**WHAT YOU NEED TO DO**.
Find the lines of the listing that contain the string "longlonglongrightarrow", and return them.

★ ★ ★ ★ ★ ★ ★

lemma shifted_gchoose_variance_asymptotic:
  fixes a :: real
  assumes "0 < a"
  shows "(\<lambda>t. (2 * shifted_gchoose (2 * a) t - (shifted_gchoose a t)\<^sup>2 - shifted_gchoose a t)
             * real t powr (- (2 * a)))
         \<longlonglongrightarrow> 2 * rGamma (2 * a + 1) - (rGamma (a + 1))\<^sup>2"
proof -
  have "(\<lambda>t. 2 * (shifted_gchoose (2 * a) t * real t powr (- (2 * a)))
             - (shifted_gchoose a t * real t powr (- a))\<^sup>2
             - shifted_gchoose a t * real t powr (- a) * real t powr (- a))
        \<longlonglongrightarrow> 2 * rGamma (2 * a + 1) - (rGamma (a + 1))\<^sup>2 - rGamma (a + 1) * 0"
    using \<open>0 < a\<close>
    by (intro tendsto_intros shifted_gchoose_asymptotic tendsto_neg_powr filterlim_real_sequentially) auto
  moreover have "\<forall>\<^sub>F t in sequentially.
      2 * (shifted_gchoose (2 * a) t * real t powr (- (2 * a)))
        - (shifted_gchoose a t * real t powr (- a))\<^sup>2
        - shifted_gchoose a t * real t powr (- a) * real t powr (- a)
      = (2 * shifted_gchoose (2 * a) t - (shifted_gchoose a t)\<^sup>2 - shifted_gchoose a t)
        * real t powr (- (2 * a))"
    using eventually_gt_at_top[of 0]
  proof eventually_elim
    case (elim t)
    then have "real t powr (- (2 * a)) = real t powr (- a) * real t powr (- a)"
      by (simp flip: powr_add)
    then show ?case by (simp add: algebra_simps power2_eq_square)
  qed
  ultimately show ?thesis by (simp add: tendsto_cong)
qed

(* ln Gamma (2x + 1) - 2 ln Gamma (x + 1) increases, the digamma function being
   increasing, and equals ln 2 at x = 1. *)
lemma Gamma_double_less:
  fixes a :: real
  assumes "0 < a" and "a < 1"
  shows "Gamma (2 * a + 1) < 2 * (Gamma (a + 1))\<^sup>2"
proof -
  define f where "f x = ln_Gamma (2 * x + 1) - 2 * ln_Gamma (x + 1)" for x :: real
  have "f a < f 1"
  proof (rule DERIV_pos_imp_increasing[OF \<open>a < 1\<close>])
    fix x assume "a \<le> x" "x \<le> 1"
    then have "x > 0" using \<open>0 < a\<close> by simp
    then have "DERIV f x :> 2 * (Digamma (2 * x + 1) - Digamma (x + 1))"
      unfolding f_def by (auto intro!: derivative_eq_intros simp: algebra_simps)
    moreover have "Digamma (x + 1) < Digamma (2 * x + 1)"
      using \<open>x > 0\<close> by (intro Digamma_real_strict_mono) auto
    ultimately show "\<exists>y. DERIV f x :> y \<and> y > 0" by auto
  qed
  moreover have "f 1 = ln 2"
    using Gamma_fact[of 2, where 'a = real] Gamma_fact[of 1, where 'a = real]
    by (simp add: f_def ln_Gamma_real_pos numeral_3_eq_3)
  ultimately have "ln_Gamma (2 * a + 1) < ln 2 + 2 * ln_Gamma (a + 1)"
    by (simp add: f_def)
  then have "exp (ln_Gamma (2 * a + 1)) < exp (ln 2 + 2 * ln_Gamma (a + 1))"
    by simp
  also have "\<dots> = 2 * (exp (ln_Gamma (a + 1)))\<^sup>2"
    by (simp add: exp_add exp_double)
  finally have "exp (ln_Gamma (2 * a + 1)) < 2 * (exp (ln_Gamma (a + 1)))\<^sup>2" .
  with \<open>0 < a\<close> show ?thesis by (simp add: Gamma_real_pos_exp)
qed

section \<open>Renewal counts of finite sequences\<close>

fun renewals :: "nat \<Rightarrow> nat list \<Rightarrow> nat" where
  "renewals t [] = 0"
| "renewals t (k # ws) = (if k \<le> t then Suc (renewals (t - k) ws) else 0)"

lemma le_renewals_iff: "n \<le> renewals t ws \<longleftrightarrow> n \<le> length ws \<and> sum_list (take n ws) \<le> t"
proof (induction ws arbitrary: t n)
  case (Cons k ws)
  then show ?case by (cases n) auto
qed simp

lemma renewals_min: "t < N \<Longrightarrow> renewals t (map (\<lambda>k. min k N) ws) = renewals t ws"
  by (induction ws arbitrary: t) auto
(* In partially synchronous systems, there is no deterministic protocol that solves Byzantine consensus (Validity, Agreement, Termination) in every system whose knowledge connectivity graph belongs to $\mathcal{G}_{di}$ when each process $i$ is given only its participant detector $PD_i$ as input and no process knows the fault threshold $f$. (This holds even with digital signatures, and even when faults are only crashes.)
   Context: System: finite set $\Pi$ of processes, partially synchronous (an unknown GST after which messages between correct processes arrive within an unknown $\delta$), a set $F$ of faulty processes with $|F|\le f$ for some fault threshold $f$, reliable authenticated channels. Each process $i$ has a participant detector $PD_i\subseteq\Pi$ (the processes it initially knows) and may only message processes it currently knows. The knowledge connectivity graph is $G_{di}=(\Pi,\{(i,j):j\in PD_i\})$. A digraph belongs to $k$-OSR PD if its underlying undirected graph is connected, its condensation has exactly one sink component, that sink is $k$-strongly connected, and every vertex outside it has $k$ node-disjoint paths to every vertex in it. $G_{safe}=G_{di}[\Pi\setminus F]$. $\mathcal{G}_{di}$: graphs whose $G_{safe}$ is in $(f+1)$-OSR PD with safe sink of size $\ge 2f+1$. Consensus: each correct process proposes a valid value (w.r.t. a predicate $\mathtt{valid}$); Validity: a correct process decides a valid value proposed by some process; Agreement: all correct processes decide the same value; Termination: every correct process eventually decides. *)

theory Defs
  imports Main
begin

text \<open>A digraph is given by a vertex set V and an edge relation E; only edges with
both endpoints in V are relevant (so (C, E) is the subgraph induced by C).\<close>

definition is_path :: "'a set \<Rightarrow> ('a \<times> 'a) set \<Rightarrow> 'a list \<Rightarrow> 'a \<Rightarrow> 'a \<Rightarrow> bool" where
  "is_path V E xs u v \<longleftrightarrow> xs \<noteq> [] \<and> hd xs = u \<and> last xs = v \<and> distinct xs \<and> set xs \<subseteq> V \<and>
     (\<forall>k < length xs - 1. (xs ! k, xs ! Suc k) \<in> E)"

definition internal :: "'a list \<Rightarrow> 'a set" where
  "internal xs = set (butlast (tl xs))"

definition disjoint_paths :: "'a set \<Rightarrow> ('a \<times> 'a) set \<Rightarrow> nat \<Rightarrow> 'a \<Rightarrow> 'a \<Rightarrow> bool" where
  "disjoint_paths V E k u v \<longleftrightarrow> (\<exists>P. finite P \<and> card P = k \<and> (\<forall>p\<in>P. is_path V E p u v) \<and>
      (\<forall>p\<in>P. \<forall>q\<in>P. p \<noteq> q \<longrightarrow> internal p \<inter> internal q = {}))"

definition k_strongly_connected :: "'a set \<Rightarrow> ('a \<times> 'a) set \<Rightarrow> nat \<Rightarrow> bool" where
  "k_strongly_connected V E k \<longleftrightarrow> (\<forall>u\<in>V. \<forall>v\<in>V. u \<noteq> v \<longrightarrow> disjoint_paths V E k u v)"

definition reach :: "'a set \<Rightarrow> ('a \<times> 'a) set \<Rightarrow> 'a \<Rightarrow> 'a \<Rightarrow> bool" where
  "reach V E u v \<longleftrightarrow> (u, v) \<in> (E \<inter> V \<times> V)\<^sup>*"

★ ★ ★ ★ ★ ★ ★

**RESPONSE TO THE EXERCISE**.
         \<longlonglongrightarrow> 2 * rGamma (2 * a + 1) - (rGamma (a + 1))\<^sup>2"
        \<longlonglongrightarrow> 2 * rGamma (2 * a + 1) - (rGamma (a + 1))\<^sup>2 - rGamma (a + 1) * 0"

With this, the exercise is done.